Ina Ripari & Rita Esposito

RHESIS – 18 luglio 2017 Galleria Principe di Napoli e Vetrina Gino Ramaglia via Broggia nella GIORNATA PER LA PACE GLOBALE a cura di Gianni Nappa

È Medea, affascinante figura della mitologia e tragedia greca, il personaggio fulcro della performance delle artiste Ina Ripari e Rita Esposito. L’evento, legato alla seconda edizione di Art Performing Festival, è stato celebrato nella mattinata di martedì 18 luglio 2017 in due step: alla Galleria Principe di Napoli e ad Artisti In Vetrina di Gino Ramaglia in Via Broggia. 

Bio artiste

RITA ESPOSITO : Artista ed architetto, nasce a Napoli il 22 maggio 1968.
Pittrice con una innata predilezione per la pittura ad olio partecipa dal 2005 ad eventi internazionali in Italia e all’estero.
Nel 2012 presenta al pubblico, nella splendida location di Castel dell’Ovo a Napoli, il suo progetto artistico culturale “AmaZone” dedicato alle Donne, guerriere del nostro tempo, che combattono incessantemente, con il proprio essere femminile, per l’affermazione della Verità e del Bene.
Dal 2009 al 2014 lavora alla realizzazione di opere che analizzano e rielaborano il concetto di peccato capitale, che, nell’interpretazione dell’artista partenopea, è a volte ammaliante a volte prepotentemente impositivo, ma che non riesce ad annientare l’essenza dell’Uomo, il Bene supremo di cui è scrigno e custode: nasce così l’evento “sineSIN” che, nello stesso nome, unendo lingue diverse, genera un “ senza peccato” oltre il tempo e lo spazio.
Nel 2013 è coautrice e curatrice de “the Cut Show” dell’artista fotografo Daniele Galdiero, evento di arte interattiva che, dopo essere stato presentato a Londra, Atene, Bercellona e Jaen, è stato accolto al PAN_Palazzo delle Arti di Napoli, nel 2014.
Nel 2014 presenta il suo progetto “Me_Dea” racconto di una Donna che cerca e trova entro sé la propria Dea, con opere pittoriche e, per la prima volta, un’opera di scultura.
Ha partecipato alla “Biennale del Libro d’Artista” a cura di Lineadarte, con opere che indagano il ruolo e i mezzi espressivi dell’Arte.
E’ coautrice con Daniele Galdiero di “Arte_pagina22” spazio web e fisico dedicato ad Artisti che raccontano altri Artisti, in una comunione delle Arti che travalica l’individualismo per approdare ad un nuovo modo di concepire la condivisione artistica.

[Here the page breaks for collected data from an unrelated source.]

lemma not_connected_imp_cut:
  assumes "\<not> graph_connected V (E - S)"
  obtains A where "A \<subseteq> V" "A \<noteq> {}" "V - A \<noteq> {}" "cut_edges V E A \<subseteq> S"
proof -
  let ?R = "{(u, v). u \<in> V \<and> v \<in> V \<and> {u, v} \<in> E - S}"
  from assms obtain x y where xy: "x \<in> V" "y \<in> V" "(x, y) \<notin> ?R\<^sup>*"
    unfolding graph_connected_def by blast
  define A where "A = {v \<in> V. (x, v) \<in> ?R\<^sup>*}"
  have "cut_edges V E A \<subseteq> S"
  proof
    fix e assume "e \<in> cut_edges V E A"
    then obtain u v where uv: "e \<in> E" "u \<in> A" "v \<in> V - A" "e = {u, v}"
      unfolding cut_edges_def by blast
    show "e \<in> S"
    proof (rule ccontr)
      assume "e \<notin> S"
      with uv have "(u, v) \<in> ?R" by (auto simp: A_def)
      with uv(2) have "(x, v) \<in> ?R\<^sup>*" by (auto simp: A_def intro: rtrancl_into_rtrancl)
      with uv(3) show False by (auto simp: A_def)
    qed
  qed
  moreover have "A \<subseteq> V" "x \<in> A" "y \<in> V - A" using xy by (auto simp: A_def)
  ultimately show ?thesis using that by blast
qed

lemma edge_cut_set_isolate:
  assumes "v \<in> V" "w \<in> V" "v \<noteq> w" "S \<subseteq> E" "\<And>u. {v, u} \<in> E \<Longrightarrow> {v, u} \<in> S"
  shows "edge_cut_set V E S"
proof -
  let ?R = "{(u, v). u \<in> V \<and> v \<in> V \<and> {u, v} \<in> E - S}"
  have "(v, w) \<notin> ?R\<^sup>*"
  proof
    assume "(v, w) \<in> ?R\<^sup>*"
    then show False
      by (cases rule: converse_rtranclE) (use assms in auto)
  qed
  then show ?thesis using assms unfolding edge_cut_set_def graph_connected_def by blast
qed

lemma edge_cut_set_all_edges:
  assumes "V \<noteq> {}"
  shows "edge_cut_set V E E"
proof (cases "card V = 1")
  case False
  obtain x where "x \<in> V" using assms by blast
  moreover from False have "V \<noteq> {x}" by auto
  then obtain y where "y \<in> V" "y \<noteq> x" using \<open>x \<in> V\<close> by blast
  ultimately show ?thesis
    by (intro edge_cut_set_isolate[of x V y]) auto
qed (simp add: edge_cut_set_def)

lemma edge_connectivity_le: "edge_cut_set V E S \<Longrightarrow> edge_connectivity V E \<le> card S"
  unfolding edge_connectivity_def by (rule Least_le) blast

lemma edge_connectivity_attained:
  assumes "V \<noteq> {}"
  obtains S where "edge_cut_set V E S" "card S = edge_connectivity V E"
proof -
  have "\<exists>k S. edge_cut_set V E S \<and> card S = k"
    using edge_cut_set_all_edges[OF assms] by blast
  from LeastI_ex[OF this] show ?thesis
    using that unfolding edge_connectivity_def by blast
qed

lemma edge_connectivity_le_Diff_edge:
  assumes "V \<noteq> {}"
  shows "edge_connectivity V E \<le> edge_connectivity V (E - {e}) + 1"
proof (cases "e \<in> E")
  case True
  obtain S where S: "edge_cut_set V (E - {e}) S" "card S = edge_connectivity V (E - {e})"
    using edge_connectivity_attained[OF assms] .
  have "E - insert e S = E - {e} - S" by blast
  with S(1) True have "edge_cut_set V E (insert e S)"
    unfolding edge_cut_set_def by auto
  then have "edge_connectivity V E \<le> card (insert e S)"
    by (rule edge_connectivity_le)
  also have "\<dots> \<le> card S + 1"
    by (cases "finite S") (auto simp: card_insert_if)
  finally show ?thesis using S(2) by simp
qed simp

lemma edge_connectivity_ge_cut_edges:
  assumes "finite E" "card V \<noteq> 1" "V \<noteq> {}"
    and "\<And>A. A \<subseteq> V \<Longrightarrow> A \<noteq> {} \<Longrightarrow> V - A \<noteq> {} \<Longrightarrow> k \<le> card (cut_edges V E A)"
  shows "k \<le> edge_connectivity V E"
proof -
  obtain S where S: "edge_cut_set V E S" "card S = edge_connectivity V E"
    using edge_connectivity_attained[OF assms(3)] .
  with assms(2) have "\<not> graph_connected V (E - S)"
    unfolding edge_cut_set_def by blast
  then obtain A where A: "A \<subseteq> V" "A \<noteq> {}" "V - A \<noteq> {}" "cut_edges V E A \<subseteq> S"
    by (rule not_connected_imp_cut)
  have "k \<le> card (cut_edges V E A)" using assms(4) A(1-3) .
  also have "\<dots> \<le> card S"
    using A(4) S(1) \<open>finite E\<close> unfolding edge_cut_set_def by (meson card_mono finite_subset)
  finally show ?thesis using S(2) by simp
qed

definition complete_split_edges :: "'a set \<Rightarrow> 'a set \<Rightarrow> 'a set set" where
  "complete_split_edges V K = {{x, y} | x y. x \<in> V \<and> y \<in> V \<and> x \<noteq> y \<and> (x \<in> K \<or> y \<in> K)}"

lemma doubleton_in_complete_split_edges_iff [simp]:
  "{x, y} \<in> complete_split_edges V K \<longleftrightarrow> x \<in> V \<and> y \<in> V \<and> x \<noteq> y \<and> (x \<in> K \<or> y \<in> K)"
  unfolding complete_split_edges_def by (auto simp: doubleton_eq_iff)

lemma finite_complete_split_edges: "finite V \<Longrightarrow> finite (complete_split_edges V K)"
  by (rule finite_subset[of _ "Pow V"]) (auto simp: complete_split_edges_def)

lemma card_cut_edges_complete_split_one_side:
  assumes "finite V" "A \<subseteq> V" "a \<in> A" "K \<subseteq> V - A"
  shows "card K \<le> card (cut_edges V (complete_split_edges V K) A)"
proof (rule card_inj_on_le)
  show "inj_on (\<lambda>g. {a, g}) K" using assms by (auto simp: inj_on_def doubleton_eq_iff)
  show "(\<lambda>g. {a, g}) ` K \<subseteq> cut_edges V (complete_split_edges V K) A"
    using assms unfolding cut_edges_def by auto
  show "finite (cut_edges V (complete_split_edges V K) A)"
    using assms by (simp add: finite_cut_edges)
qed

lemma card_cut_edges_complete_split_both_sides:
  assumes "finite V" "A \<subseteq> V" "K \<subseteq> V" "g \<in> K \<inter> A" "h \<in> K - A"
  shows "card V - 1 \<le> card (cut_edges V (complete_split_edges V K) A)"
proof -
  define f where "f v = (if v \<in> A then {v, h} else {g, v})" for v
  have "card (V - {h}) \<le> card (cut_edges V (complete_split_edges V K) A)"
  proof (rule card_inj_on_le)
    show "inj_on f (V - {h})"
    proof (rule inj_onI)
      fix x y assume "x \<in> V - {h}" "y \<in> V - {h}" "f x = f y"
      then show "x = y"
        using assms(4,5) unfolding f_def by (auto simp: doubleton_eq_iff split: if_splits)
    qed
    show "f ` (V - {h}) \<subseteq> cut_edges V (complete_split_edges V K) A"
    proof
      fix e assume "e \<in> f ` (V - {h})"
      then obtain v where v: "v \<in> V - {h}" "e = f v" by blast
      show "e \<in> cut_edges V (complete_split_edges V K) A"
      proof (cases "v \<in> A")
        case True
        then show ?thesis using v assms unfolding f_def cut_edges_def by auto
      next
        case False
        then have "v \<noteq> g" using assms(4) by blast
        with False show ?thesis using v assms unfolding f_def cut_edges_def by auto
      qed
    qed
    show "finite (cut_edges V (complete_split_edges V K) A)"
      using assms by (simp add: finite_cut_edges)
  qed
  moreover have "card (V - {h}) = card V - 1"
    using assms by (auto intro: card_Diff_singleton)
  ultimately show ?thesis by simp
qed
(* Let $s\ge2$, $\Delta=\{D_1,\dots,D_{2s+1}\}$, set $D_i=0$ for $i\le0$ and $i\ge2s+2$, and in $\mathbb Z\Delta$ let $\Sigma=\{\sigma_1,\dots,\sigma_{2s}\}$ with $\sigma_i=-D_{i-1}+D_i+D_{i+1}-D_{i+2}$ for $i\ne2s-2$ and $\sigma_{2s-2}=-D_{2s-3}+D_{2s-2}+D_{2s-1}-D_{2s}-D_{2s+1}$. Let $(D,E,F)$ be a low fundamental triple, put $\gamma=D+E-F$, and suppose $\sigma_{2s}\in\mathrm{supp}_\Sigma\gamma$. Then, up to exchanging $D$ and $E$, $(D,E,F)$ is one of: $(D_{2m+1},D_{2s},D_{2m-1}+D_{2s+1})$ for some $1\le m<s$, with $\gamma=\sum_{i=2m}^{2s}\sigma_i$; $(D_{2s},D_{2s},D_{2s-3})$ with $\gamma=\sigma_{2s-2}+\sigma_{2s-1}+2\sigma_{2s}$; $(D_{2s},D_{2s},D_{2s-2})$ with $\gamma=\sigma_{2s-1}+\sigma_{2s}$; $(D_{2s},D_{2s+1},D_{2s-1})$ with $\gamma=\sigma_{2s}$.
   Context: For $D,E\in\mathbb Z\Delta$ write $D\le_\Sigma E$ if $E-D\in\mathbb N\Sigma$. A triple $(D,E,F)\in(\mathbb N\Delta)^3$ with $F\le_\Sigma D+E$ is low if for all $D',E'\in\mathbb N\Delta$ with $D'\le_\Sigma D$, $E'\le_\Sigma E$ and $F\le_\Sigma D'+E'$ one has $D'=D$ and $E'=E$; it is fundamental if $D,E\in\Delta$. For $\gamma=\sum a_i\sigma_i$, $\mathrm{supp}_\Sigma\gamma=\{\sigma_i:a_i>0\}$. *)

theory Defs
  imports Main "HOL-Library.Function_Algebras"
begin

text \<open>Elements of the free abelian group Z Delta on Delta = {D_1,...,D_(2s+1)} are
  represented as coefficient functions nat => int (coefficient of D_j at j),
  supported in {1..2s+1}.\<close>

type_synonym zvec = "nat \<Rightarrow> int"

definition Dv :: "nat \<Rightarrow> nat \<Rightarrow> zvec" where
  "Dv s i = (\<lambda>j. if j = i \<and> 1 \<le> i \<and> i \<le> 2*s+1 then 1 else 0)"

definition sigma :: "nat \<Rightarrow> nat \<Rightarrow> zvec" where
  "sigma s i = (if i = 2*s - 2
     then (\<lambda>j. - Dv s (i-1) j + Dv s i j + Dv s (i+1) j - Dv s (i+2) j - Dv s (i+3) j)
     else (\<lambda>j. - Dv s (i-1) j + Dv s i j + Dv s (i+1) j - Dv s (i+2) j))"

definition in_ZDelta :: "nat \<Rightarrow> zvec \<Rightarrow> bool" where
  "in_ZDelta s X \<longleftrightarrow> (\<forall>j. X j \<noteq> 0 \<longrightarrow> 1 \<le> j \<and> j \<le> 2*s+1)"

definition in_NDelta :: "nat \<Rightarrow> zvec \<Rightarrow> bool" where
  "in_NDelta s X \<longleftrightarrow> in_ZDelta s X \<and> (\<forall>j. X j \<ge> 0)"

definition in_Delta :: "nat \<Rightarrow> zvec \<Rightarrow> bool" where
  "in_Delta s X \<longleftrightarrow> (\<exists>i. 1 \<le> i \<and> i \<le> 2*s+1 \<and> X = Dv s i)"

definition sigma_comb :: "nat \<Rightarrow> (nat \<Rightarrow> int) \<Rightarrow> zvec" where
  "sigma_comb s a = (\<lambda>j. \<Sum>i=1..2*s. a i * sigma s i j)"

definition in_NSigma :: "nat \<Rightarrow> zvec \<Rightarrow> bool" where
  "in_NSigma s X \<longleftrightarrow> (\<exists>a. (\<forall>i. a i \<ge> 0) \<and> X = sigma_comb s a)"
lemma
  assumes "gd_dual_inv st"
  shows dual_nonneg: "\<forall>S. 0 \<le> dual st S"
    and dual_support: "\<forall>S. dual st S \<noteq> 0 \<longrightarrow> S \<noteq> {} \<and> (\<exists>A\<in>act st. S \<subseteq> A) \<and> card S mod k \<noteq> 0"
    and hdist_le_path_weight: "\<forall>A\<in>act st. \<forall>x\<in>A. \<forall>z\<in>A.
       hdist k dH (pos x) (pos z) \<le> scale * (\<Sum>S\<in>Pow V. dual st S * path_weight A x z S)"
    and vertex_load_le_waiting: "\<forall>u\<in>\<Union>(act st).
       (\<Sum>S\<in>Pow V. if u \<in> S then dual st S else 0) \<le> (time st - atime u) / scale"
    and load_le_opt_cost: "\<forall>u\<in>\<Union>(act st). \<forall>w\<in>\<Union>(act st). u \<noteq> w \<longrightarrow>
       load V (dual st) u w \<le> opt_cost k dH atime pos u w / scale"
  by (insert assms[unfolded gd_dual_inv_def], elim conjE, assumption)+

lemma gd_dual_invI:
  assumes "\<forall>S. 0 \<le> dual st S"
    and "\<forall>S. dual st S \<noteq> 0 \<longrightarrow> S \<noteq> {} \<and> (\<exists>A\<in>act st. S \<subseteq> A) \<and> card S mod k \<noteq> 0"
    and "\<forall>A\<in>act st. \<forall>x\<in>A. \<forall>z\<in>A.
       hdist k dH (pos x) (pos z) \<le> scale * (\<Sum>S\<in>Pow V. dual st S * path_weight A x z S)"
    and "\<forall>u\<in>\<Union>(act st).
       (\<Sum>S\<in>Pow V. if u \<in> S then dual st S else 0) \<le> (time st - atime u) / scale"
    and "\<forall>u\<in>\<Union>(act st). \<forall>w\<in>\<Union>(act st). u \<noteq> w \<longrightarrow>
       load V (dual st) u w \<le> opt_cost k dH atime pos u w / scale"
  shows "gd_dual_inv st"
  using assms unfolding gd_dual_inv_def by (intro conjI) assumption+

definition gd_invariant :: "'v gd_state \<Rightarrow> bool" where
  "gd_invariant st \<longleftrightarrow> gd_partition st \<and> gd_dual_inv st"

lemma gd_invariant_init: "gd_invariant gd_init"
  unfolding gd_invariant_def gd_partition_def gd_dual_inv_def gd_init_def by simp

lemma gd_partition_arrival:
  assumes P: "gd_partition st" and v: "v \<in> V" "v \<notin> \<Union>(act st)"
    and st': "st' = st\<lparr>act := insert {v} (act st)\<rparr>"
  shows "gd_partition st'"
proof -
  have a: "act st' = insert {v} (act st)" and m: "mat st' = mat st" using st' by simp_all
  have fr: "free st' = free st" by (simp add: fun_eq_iff free_def m)
  have vm: "v \<notin> \<Union>(mat st)" using matched_subset_active[OF P] v(2) by blast
  show ?thesis
  proof (rule gd_partitionI)
    show "\<forall>A\<in>act st'. A \<noteq> {} \<and> A \<subseteq> V" unfolding a using act_ne_subset[OF P] v(1) by blast
    show "\<forall>A\<in>act st'. \<forall>B\<in>act st'. A \<noteq> B \<longrightarrow> A \<inter> B = {}"
      unfolding a using act_disjoint[OF P] v(2) by blast
    show "\<Union>(mat st') \<subseteq> \<Union>(act st')" unfolding a m using matched_subset_active[OF P] by blast
    show "\<forall>G\<in>mat st'. card G = k \<and> (\<exists>A\<in>act st'. G \<subseteq> A)"
      unfolding a m using group_card_active[OF P] by blast
    show "\<forall>G1\<in>mat st'. \<forall>G2\<in>mat st'. G1 \<noteq> G2 \<longrightarrow> G1 \<inter> G2 = {}"
      unfolding m by (rule groups_disjoint[OF P])
    show "\<forall>A\<in>act st'. k dvd card (A \<inter> \<Union>(mat st'))"
      unfolding a m using matched_part_dvd[OF P] vm by simp
    have "free st {v} = {v}" using vm by (auto simp: free_def)
    then show "\<forall>A\<in>act st'. card (free st' A) < k"
      unfolding a fr using free_card_less[OF P] k2 by simp
  qed
qed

INA RIPARI : Il grande SPLASH
In tutto il percorso artistico ho raccontato le mie più profonde inquietudini,
il malessere di vivere,
il pessimismo che ha sempre connaturato il mio carattere.
In ogni singolo pezzo c’è una narrazione,
uno stralcio di vita che ho dato in pasto agli altri,usando l’arte come veicolo di comunicazione.
il grande SPLASH non è altro che l’esigenza di tuffarmi
nei meandri della mia anima alla ricerca di una qualche risposta,
capace di placare le mie paure, il senso di inadeguatezza che mi ammanta.
Una coperta nera schizzata di rosso.
Saranno le ferite che la vita infligge a ognuno di noi
o quel poco di positività che cerca di farsi largo?
Bisogna con grande passione emergere,
gridare con forza,
esisto… sono… vivo.
Ina Ripari 

INA RIPARI
è nata il 21-6-1959 a Misilmeri (Palermo)
Dal 1977 vive e lavora a Prato
Al suo attivo numerose personali, collettive e manifestazioni varie.
Dopo un lungo e volontario esilio Ina Ripari tenta di tornare alla ribalta proponendosi nuovamente sulle scene artistiche.
Cosa è cambiato nel suo linguaggio artistico e cosa può rendercela sempre attuale e sempre interessante. A prima vista può sembrare la solita Ina Ripari pessimista concettuale da sola contro il mondo. Ma vi è in questa nuova produzione qualcosa di vitale di diverso un nuovo modo di comunicare. E sempre maggior desiderio di portare l’attenzione di tutte le miserie del mondo che ci circondano. Questa lunga assenza ha fortificato in lei la convinzione che gli artisti hanno un ruolo sociale non solo ludico o estetico. Ma un pungolo per la società, una voce critica. E i tempi bui che stiamo vivendo hanno proprio bisogno di farsi sentire di comunicare di evitare che questa società si avviti su se stessa priva di pilastri priva di valori. Dobbiamo essere un faro e qualsiasi sia la forma di comunicazione artistica che si sceglie illuminare il mondo farlo uscire dal tunnel in cui si è cacciato. Ina Ripari con le sue opere ha sempre cercato di essere concreta con i suoi principi etici e ha usato la sua arte per gridare la sua rabbia ed esprimere il suo disappunto davanti a una società indifferente.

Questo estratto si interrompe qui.